Hi, in short not that I know of, but I did post recently that they have raised $34m to fund phase 2. Timeline looks like this:
DMD Top-line results from Phase 1b trial Q2 2014
Submission of clinical trial application for Phase 2 trial (CTA and/or IND) Q3 2014
Complete recruitment for Phase 2 trial H1 2015
Top-line data from Phase 2 trial H1 2016
Select clinical candidate from next generation utrophin modulators H2 2014
What do we say,all seems so far but we have to stay strong,and keep our eyes on the whole range of products that are being worked on.And hope.Thanks.
Worse than a politician's pledge?Now that must be really bad,David.And also pretty scary and gets one's optimism gauge heading south.
David, well you certainly sound jaded and I don;t know if you work in pharma, but as we all know, and are learning to the communities cost, getting drugs safely through trials to treatment is a horribly long and fraught process.
At least the Summit utrophin program is up and running and happening. I can't see it's in the companies interest to delay anything any longer than is needed (especially as they just raised over $35m to fund the next phase) but it needs to be safe for the boys and then to see if it actually works. For a good portion of the DMD community it is the best or only hope as it;s one of the few potential treatments that should be effective on all boys, not just based on exons. However, if they take an extra few months but get the trial right so it doesn't hit FDA roadblocks then good. I'm sure Sarepta, PTC and Halo might agree with that and in retrospect might have done a few things differently!
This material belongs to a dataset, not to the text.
(* Let $L\ge3$ and let $\hat\rho$ be a density operator on $\mathcal H_A\otimes\mathcal H_B$ with $\hat P^{(1)}\hat\rho\hat P^{(1)}=\hat\rho$. Define $e^{(\mathrm b,1)}=\mathrm{tr}(\hat\rho\,\hat e^{(\mathrm b)})$ and $e^{(\mathrm{ph},1)}=\mathrm{tr}(\hat\rho\,\hat e^{(\mathrm{ph})})$. If $0\le e^{(\mathrm b,1)}\le(10-3\sqrt5)/22$, then $$e^{(\mathrm{ph},1)}\le(3+\sqrt5)\,e^{(\mathrm b,1)},$$ and if $e^{(\mathrm b,1)}>(10-3\sqrt5)/22$, then $$e^{(\mathrm{ph},1)}\le\inf_{0<\lambda<3+\sqrt5}\Big\{\lambda e^{(\mathrm b,1)}+\frac{3-2\lambda+\sqrt{1+2\lambda^2}}{4}\Big\}.$$
   Context: $\mathcal H_A=(\mathbb C^2)^{\otimes L}$ (qubits labelled $1,\dots,L$, with $Z$-basis $|0\rangle,|1\rangle$) and $\mathcal H_B=\mathbb C^L$ with orthonormal basis $|1\rangle_B,\dots,|L\rangle_B$. $\hat P(|\psi\rangle)=|\psi\rangle\langle\psi|$, $\bar s=s\oplus1$, and $\hat H|s\rangle=(|0\rangle+(-1)^s|1\rangle)/\sqrt2$. Let $\kappa_1=\kappa_L=1$ and $\kappa_i=1/2$ for $2\le i\le L-1$. For $1\le j\le L-1$ and $s\in\{0,1\}$ let $\hat\Pi_{j,s}=\hat P\big((\sqrt{\kappa_j}|j\rangle_B+(-1)^s\sqrt{\kappa_{j+1}}|j+1\rangle_B)/\sqrt2\big)$. Define (operators on the indicated qubits tensored with identity on the remaining qubits) $$\hat e^{(\mathrm{ph})}_j=\hat P(|1\rangle_{A,j}|1\rangle_{A,j+1})\otimes\sum_{s=0}^1\kappa_{j+s}\hat P(|j+s\rangle_B)+\sum_{s=0}^1\hat P(|s\rangle_{A,j}|\bar s\rangle_{A,j+1})\otimes\kappa_{j+s}\hat P(|j+s\rangle_B),$$ $$\hat e^{(\mathrm b)}_j=\sum_{s,s'\in\{0,1\}}\hat P(\hat H|s\rangle_{A,j})\otimes\hat P(\hat H|s'\rangle_{A,j+1})\otimes\hat\Pi_{j,s\oplus s'\oplus1},$$ and $\hat e^{(\mathrm{ph})}=\sum_{j=1}^{L-1}\hat e^{(\mathrm{ph})}_j$, $\hat e^{(\mathrm b)}=\sum_{j=1}^{L-1}\hat e^{(\mathrm b)}_j$. For $\bm a\in\{0,1\}^L$ let $|\bm a\rangle_A=|a_1\rangle_{A,1}\cdots|a_L\rangle_{A,L}$ and $\mathrm{wt}(\bm a)$ the number of $1$'s. The projector for one-photon emission is $\hat P^{(1)}=\sum_{\bm a:\,\mathrm{wt}(\bm a)=1}\sum_{i=1}^L\hat P(|\bm a\rangle_A|i\rangle_B)$. (Physically, $e^{(\mathrm b,1)}$ and $e^{(\mathrm{ph},1)}$ are the bit and phase error rates of single-photon emission events in the DPS QKD protocol.) *)

theory Defs
  imports Complex_Main
begin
Note that those dates are without any suspension for the trial,so it might takes 10 years!
I am so disappointed and I feel if any treatment will be as mirage or dream!!!!!!
I guess we got to stick in their n just hope for the best,but again i also think it is good not to get my hopes too high that we will have anything in the market in three years.Defence mechanism against disappointment for us and our loved ones.
Best not to get ones hopes up, although we all need some hope in our lives, especially where DMD is concerned. I keep a close eye on most of the biotechs in the sector (as do many here), and Summit are hoping - as I understand it - to get accelerated approval post phase 2 IF it proves effective and as such are intending to run a large enough and well designed trial to make that a real possibility, so it could be available in 2016, but it might be 10 years, I don't know, but they are doing this in a logical way and without much charity funding and I think they should be applauded and supported.
I said 10 years as my expectation based on failures and suspensions we used to hear!
According to me the best way to get treatment if any is to recruit my son in a non-specific mutation approach trial,but I don't know what is the most promising,is it Utrophin booster,HT-100,...?
Can't answer that nor if trials will be in your area or not.